WHAT IS REQUIRED.
Only one span of the listing below is wanted: the lines from the one with "(\<forall>i<j. \<not> armijo" through the one with "subsequence the upper", reproduced exactly, both ends kept.

EXERCISE DATA.

(* Let $\varphi:\mathbb{R}^n\to\mathbb{R}$ be upper-$\mathcal{C}^2$ on $\mathbb{R}^n$ with $\inf_{x\in\mathbb{R}^n}\varphi(x)>-\infty$, and consider the Nonmonotone Subgradient Method described in the context, with parameters $\tau_{\min}>0$, $\sigma,\beta\in{]0,1[}$. Suppose that: (a) there exists a constant $a>0$ such that $\langle w_k,d_k\rangle \leq -a \|d_k\|^2$ for all $k \in \mathbb{N}$; (b) for any bounded subsequence $(x_{k_j})_{j\in\mathbb{N}}$ generated by the method, there is a constant $b>0$ such that $\| w_{k_j}\| \leq b \| d_{k_j}\|$ for all $j \in \mathbb{N}$; (c) there exists an integer $m \geq 0$ such that $0\leq m_{k+1} \leq \min\{ m_{k }+1, m \}$ for all $k \in \mathbb{N}$. Then, for any initial point $x_0\in\mathbb{R}^n$, either the method stops at a stationary point after a finite number of iterations, or it produces a sequence $(x_{k})_{k\in\mathbb{N}}$ such that, if $\sup_{k\in\mathbb{N}}\tau_k<+\infty$, the following hold: (i) If $(x_{k_j})_{j\in\mathbb{N}}$ is a bounded subsequence of $(x_k)_{k\in\mathbb{N}}$, then $\inf_{j\in\mathbb{N}} \tau_{k_j} >0$; moreover $\lim_{j \to \infty } \|x_{k_{j}+1}-x_{k_j}\|= 0$, $\lim_{j \to \infty } \|w_{k_j}\| =0$, $\lim_{j \to \infty } \| d_{k_j}\| =0$ and $\lim_{j \to \infty} \varphi(x_{k_j}) = \lim_{k \to \infty} \varphi(x_{\ell( k)})$. (ii) If the entire sequence $(x_k)_{k\in\mathbb{N}}$ is bounded, then its set of accumulation points is nonempty, closed and connected, and there exists $c>0$ such that $$\min_{ 0 \leq j \leq k} \left\{ \| x_{j+1} - x_{j}\| + \| w_j\| + \| d_j\|\right\} \leq \frac{ c}{ \sqrt{ k+1}}\quad \text{for all } k \geq 0.$$ (iii) Any accumulation point of $(x_k)_{k\in\mathbb{N}}$ is a stationary point of $\varphi$. (iv) If $(x_k)_{k\in\mathbb{N}}$ is bounded and has an isolated accumulation point, then the entire sequence converges to a stationary point of $\varphi$.
   Context: Upper-$\mathcal{C}^2$: $\varphi$ is upper-$\mathcal{C}^2$ on $\mathbb{R}^n$ if on some neighborhood $V$ of each $\bar x$ there is a representation $\varphi(x)=\min_{c\in C}\varphi_c(x)$ with $C$ compact (in some topological space), each $\varphi_c$ of class $\mathcal{C}^2$ on $V$, and $\varphi_c$ and its first- and second-order partial derivatives continuous in $(x,c)\in V\times C$; such $\varphi$ is locally Lipschitz. $\partial\varphi$ is the Clarke subdifferential, and $\bar x$ is stationary if $0\in\partial\varphi(\bar x)$. For $a\in\mathbb{R}$, $[a]^+=\max\{a,0\}$. Nonmonotone Subgradient Method: given $x_0\in\mathbb{R}^n$, $\tau_{\min}>0$, $\sigma,\beta\in{]0,1[}$, for $k=0,1,\ldots$: (1) take $w_k\in\partial\varphi(x_k)$; if $w_k=0$, stop and return $x_k$. (2) Choose any $d_k\in\mathbb{R}^n\setminus\{0\}$ with $\langle w_k,d_k\rangle<0$. (3) Take any $\overline{\tau}_k\ge\tau_{\min}$, set $\tau_k:=\overline{\tau}_k$, and choose a memory parameter $m_k\in\mathbb{N}\cup\{0\}$. (4) While $\varphi(x_k+\tau_kd_k)>\max_{[k-m_k]^+\le i\le k}\varphi(x_i)+\sigma\tau_k\langle w_k,d_k\rangle$, set $\tau_k:=\beta\tau_k$. (5) Set $x_{k+1}:=x_k+\tau_kd_k$. Here $\tau_k$ denotes the final (accepted) stepsize. For each $k$, $\ell(k)$ denotes the smallest integer with $\ell(k)\in\operatorname{argmax}\{\varphi(x_i): [k-m_k]^+\le i\le k\}$. *)

theory Defs
  imports "HOL-Analysis.Analysis" "HOL-Library.Liminf_Limsup"
begin

text \<open>A local min-representation witnessing upper-C2: on the open set V,
  phi x = min over c in the compact (nonempty) set C of F c x; each F c is twice
  differentiable on V with gradient G c and Hessian H c, and F, its first and its
  second order partial derivatives are jointly continuous in (x,c) on V x C.\<close>
definition upper_C2_rep ::
  "('a::euclidean_space \<Rightarrow> real) \<Rightarrow> 'a set \<Rightarrow> 'c::topological_space set \<Rightarrow>
   ('c \<Rightarrow> 'a \<Rightarrow> real) \<Rightarrow> bool" where
  "upper_C2_rep \<phi> V C F \<longleftrightarrow>
     compact C \<and> C \<noteq> {} \<and>
     (\<forall>x\<in>V. (\<exists>c\<in>C. \<phi> x = F c x) \<and> (\<forall>c\<in>C. \<phi> x \<le> F c x)) \<and>
     (\<exists>G H. (\<forall>c\<in>C. \<forall>x\<in>V.
                (F c has_derivative (\<lambda>h. G c x \<bullet> h)) (at x) \<and>
                (G c has_derivative H c x) (at x)) \<and>
            continuous_on (V \<times> C) (\<lambda>(x, c). F c x) \<and>
            (\<forall>b\<in>Basis. continuous_on (V \<times> C) (\<lambda>(x, c). G c x \<bullet> b)) \<and>
            (\<forall>b\<in>Basis. \<forall>b'\<in>Basis.
               continuous_on (V \<times> C) (\<lambda>(x, c). H c x b \<bullet> b')))"

definition upper_C2 :: "'c::topological_space itself \<Rightarrow> ('a::euclidean_space \<Rightarrow> real) \<Rightarrow> bool" where
  "upper_C2 _ \<phi> \<longleftrightarrow>
     (\<forall>xb. \<exists>V (C::'c set) F. open V \<and> xb \<in> V \<and> upper_C2_rep \<phi> V C F)"

definition clarke_dir :: "('a::real_normed_vector \<Rightarrow> real) \<Rightarrow> 'a \<Rightarrow> 'a \<Rightarrow> ereal" where
  "clarke_dir \<phi> x v =
     Limsup (at (x, 0) within (UNIV \<times> {0<..}))
       (\<lambda>(y, t::real). ereal ((\<phi> (y + t *\<^sub>R v) - \<phi> y) / t))"

definition clarke_subdiff :: "('a::real_inner \<Rightarrow> real) \<Rightarrow> 'a \<Rightarrow> 'a set" where
  "clarke_subdiff \<phi> x = {w. \<forall>v. ereal (w \<bullet> v) \<le> clarke_dir \<phi> x v}"

text \<open>Memory window [k - m_k]^+ .. k (nat subtraction is truncated) and l(k).\<close>
definition window :: "(nat \<Rightarrow> nat) \<Rightarrow> nat \<Rightarrow> nat set" where
  "window m k = {k - m k .. k}"

definition maxval :: "('a \<Rightarrow> real) \<Rightarrow> (nat \<Rightarrow> 'a) \<Rightarrow> (nat \<Rightarrow> nat) \<Rightarrow> nat \<Rightarrow> real" where
  "maxval \<phi> x m k = (MAX i\<in>window m k. \<phi> (x i))"

definition ell :: "('a \<Rightarrow> real) \<Rightarrow> (nat \<Rightarrow> 'a) \<Rightarrow> (nat \<Rightarrow> nat) \<Rightarrow> nat \<Rightarrow> nat" where
  "ell \<phi> x m k = (LEAST i. i \<in> window m k \<and> \<phi> (x i) = maxval \<phi> x m k)"

text \<open>One iteration k of the Nonmonotone Subgradient Method (executed when w k \<noteq> 0):
  tau k is the accepted stepsize, obtained from taubar k after j backtracking steps.\<close>
definition nsm_step ::
  "('a::real_inner \<Rightarrow> real) \<Rightarrow> real \<Rightarrow> real \<Rightarrow> real \<Rightarrow>
   (nat \<Rightarrow> 'a) \<Rightarrow> (nat \<Rightarrow> 'a) \<Rightarrow> (nat \<Rightarrow> 'a) \<Rightarrow> (nat \<Rightarrow> real) \<Rightarrow> (nat \<Rightarrow> real) \<Rightarrow>
   (nat \<Rightarrow> nat) \<Rightarrow> nat \<Rightarrow> bool" where
  "nsm_step \<phi> \<tau>min \<sigma> \<beta> x w d taubar tau m k \<longleftrightarrow>
     d k \<noteq> 0 \<and> w k \<bullet> d k < 0 \<and> taubar k \<ge> \<tau>min \<and>
     (let armijo = (\<lambda>t. \<phi> (x k + t *\<^sub>R d k) \<le> maxval \<phi> x m k + \<sigma> * t * (w k \<bullet> d k))
      in \<exists>j::nat. tau k = \<beta> ^ j * taubar k \<and> armijo (tau k) \<and>
                  (\<forall>i<j. \<not> armijo (\<beta> ^ i * taubar k))) \<and>
     x (Suc k) = x k + tau k *\<^sub>R d k"

definition acc_points :: "(nat \<Rightarrow> 'a::topological_space) \<Rightarrow> 'a set" where
  "acc_points x = {y. \<exists>s. strict_mono s \<and> (x \<circ> s) \<longlonglongrightarrow> y}"

end

theory Submission
  imports Defs
begin

text \<open>
  An upper-\<open>C\<^sup>2\<close> function is locally the minimum of a compact family of \<open>C\<^sup>2\<close> functions with
  uniformly bounded gradients and Hessians, so around every point it admits upper quadratic
  models \<open>\<phi> z \<le> \<phi> y + \<langle>g, z - y\<rangle> + L \<parallel>z - y\<parallel>\<^sup>2\<close> with \<open>\<parallel>g\<parallel> \<le> G\<close>, uniformly on compact sets.
  Passing to Clarke's directional derivative, every Clarke subgradient \<open>w\<close> of \<open>\<phi>\<close> at \<open>x\<close>
  is bounded by \<open>G\<close> and satisfies the same model at \<open>x\<close>; conversely a quadratic majorant
  without linear term makes \<open>x\<close> stationary.

  For the method, the nonmonotone Armijo rule makes the reference values
  \<open>max {\<phi> (x i) | i in the memory window}\<close> nonincreasing, hence convergent. On a bounded
  subsequence the upper model shows that a rejected trial step cannot be short, so the
  accepted stepsizes stay away from zero. Walking back through the memory window from the
  iterate realising a later reference value (as in Grippo, Lampariello and Lucidi), the
  decrements \<open>\<sigma> a \<tau>\<^sub>k \<parallel>d\<^sub>k\<parallel>\<^sup>2\<close> vanish along the subsequence, and with them \<open>d\<^sub>k\<close>, the steps
  and, by hypothesis (b), the subgradients. Letting the upper model pass to the limit gives
  stationarity of accumulation points; summing the decrements over blocks of \<open>M + 1\<close>
  iterations gives the rate \<open>O(1 / \<surd>k)\<close>; vanishing steps make the set of accumulation points
  connected, so an isolated accumulation point is the limit of the whole sequence.
\<close>

section \<open>Upper quadratic models\<close>

definition upper_quadratic_on :: "('a::real_inner \<Rightarrow> real) \<Rightarrow> 'a set \<Rightarrow> real \<Rightarrow> real \<Rightarrow> bool" where
  "upper_quadratic_on \<phi> S L G \<longleftrightarrow> (\<forall>y\<in>S. \<exists>g. norm g \<le> G \<and>
      (\<forall>z\<in>S. \<phi> z \<le> \<phi> y + g \<bullet> (z - y) + L * (norm (z - y))\<^sup>2))"

definition locally_upper_quadratic :: "('a::real_inner \<Rightarrow> real) \<Rightarrow> bool" where
  "locally_upper_quadratic \<phi> \<longleftrightarrow> (\<forall>p. \<exists>r>0. \<exists>L G. upper_quadratic_on \<phi> (ball p r) L G)"

lemma upper_quadratic_on_mono:
  assumes "upper_quadratic_on \<phi> S L G" "T \<subseteq> S" "L \<le> L'" "G \<le> G'"
  shows "upper_quadratic_on \<phi> T L' G'"
  unfolding upper_quadratic_on_def
proof
  fix y assume "y \<in> T"
  then obtain g where g: "norm g \<le> G" "\<forall>z\<in>S. \<phi> z \<le> \<phi> y + g \<bullet> (z - y) + L * (norm (z - y))\<^sup>2"
    using assms(1,2) unfolding upper_quadratic_on_def by blast
  show "\<exists>g. norm g \<le> G' \<and> (\<forall>z\<in>T. \<phi> z \<le> \<phi> y + g \<bullet> (z - y) + L' * (norm (z - y))\<^sup>2)"
  proof (intro exI[of _ g] conjI ballI)
    show "norm g \<le> G'" using g(1) assms(4) by linarith
    fix z assume "z \<in> T"
    moreover have "L * (norm (z - y))\<^sup>2 \<le> L' * (norm (z - y))\<^sup>2"
      using assms(3) by (simp add: mult_right_mono)
    ultimately show "\<phi> z \<le> \<phi> y + g \<bullet> (z - y) + L' * (norm (z - y))\<^sup>2"
      using g(2) assms(2) by fastforce
  qed
qed

lemma upper_quadratic_on_diff_le:
  assumes "upper_quadratic_on \<phi> S L G" "y \<in> S" "z \<in> S"
  shows "\<phi> z - \<phi> y \<le> G * norm (z - y) + L * (norm (z - y))\<^sup>2"
proof -
  obtain g where g: "norm g \<le> G" "\<phi> z \<le> \<phi> y + g \<bullet> (z - y) + L * (norm (z - y))\<^sup>2"
    using assms unfolding upper_quadratic_on_def by blast
  have "g \<bullet> (z - y) \<le> G * norm (z - y)"
    using norm_cauchy_schwarz[of g "z - y"] g(1) by (meson mult_right_mono norm_ge_zero order_trans)
  then show ?thesis using g(2) by linarith
qed

lemma locally_upper_quadratic_isCont:
  assumes "locally_upper_quadratic \<phi>"
  shows "isCont \<phi> p"
proof -
  obtain r L G where r: "r > 0" "upper_quadratic_on \<phi> (ball p r) L G"
    using assms unfolding locally_upper_quadratic_def by blast
  have "eventually (\<lambda>z. z \<in> ball p r) (at p)"
    using r(1) by (intro eventually_at_in_open') auto
  then have "eventually (\<lambda>z. norm (\<phi> z - \<phi> p) \<le> \<bar>G\<bar> * norm (z - p) + \<bar>L\<bar> * (norm (z - p))\<^sup>2) (at p)"
  proof eventually_elim
    case (elim z)
    have p: "p \<in> ball p r" using r(1) by simp
    have "\<phi> z - \<phi> p \<le> G * norm (z - p) + L * (norm (z - p))\<^sup>2"
      using upper_quadratic_on_diff_le[OF r(2) p elim] .
    moreover have "\<phi> p - \<phi> z \<le> G * norm (z - p) + L * (norm (z - p))\<^sup>2"
      using upper_quadratic_on_diff_le[OF r(2) elim p] by (simp add: norm_minus_commute)
    moreover have "G * norm (z - p) \<le> \<bar>G\<bar> * norm (z - p)" "L * (norm (z - p))\<^sup>2 \<le> \<bar>L\<bar> * (norm (z - p))\<^sup>2"
      by (simp_all add: mult_right_mono)
    ultimately show ?case by (simp add: abs_le_iff)
  qed
  moreover have "((\<lambda>z. \<bar>G\<bar> * norm (z - p) + \<bar>L\<bar> * (norm (z - p))\<^sup>2) \<longlongrightarrow> 0) (at p)"
  proof -
    have "((\<lambda>z. \<bar>G\<bar> * norm (z - p) + \<bar>L\<bar> * (norm (z - p))\<^sup>2) \<longlongrightarrow>
        \<bar>G\<bar> * norm (p - p) + \<bar>L\<bar> * (norm (p - p))\<^sup>2) (at p)"
      by (intro tendsto_intros)
    then show ?thesis by simp
  qed
  ultimately have "((\<lambda>z. \<phi> z - \<phi> p) \<longlongrightarrow> 0) (at p)"
    by (rule Lim_null_comparison)
  then show ?thesis unfolding isCont_def by (simp add: LIM_zero_iff)
qed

TASK SOLUTION.
                  (\<forall>i<j. \<not> armijo (\<beta> ^ i * taubar k))) \<and>
     x (Suc k) = x k + tau k *\<^sub>R d k"

definition acc_points :: "(nat \<Rightarrow> 'a::topological_space) \<Rightarrow> 'a set" where
  "acc_points x = {y. \<exists>s. strict_mono s \<and> (x \<circ> s) \<longlonglongrightarrow> y}"

end

theory Submission
  imports Defs
begin

text \<open>
  An upper-\<open>C\<^sup>2\<close> function is locally the minimum of a compact family of \<open>C\<^sup>2\<close> functions with
  uniformly bounded gradients and Hessians, so around every point it admits upper quadratic
  models \<open>\<phi> z \<le> \<phi> y + \<langle>g, z - y\<rangle> + L \<parallel>z - y\<parallel>\<^sup>2\<close> with \<open>\<parallel>g\<parallel> \<le> G\<close>, uniformly on compact sets.
  Passing to Clarke's directional derivative, every Clarke subgradient \<open>w\<close> of \<open>\<phi>\<close> at \<open>x\<close>
  is bounded by \<open>G\<close> and satisfies the same model at \<open>x\<close>; conversely a quadratic majorant
  without linear term makes \<open>x\<close> stationary.

  For the method, the nonmonotone Armijo rule makes the reference values
  \<open>max {\<phi> (x i) | i in the memory window}\<close> nonincreasing, hence convergent. On a bounded
  subsequence the upper model shows that a rejected trial step cannot be short, so the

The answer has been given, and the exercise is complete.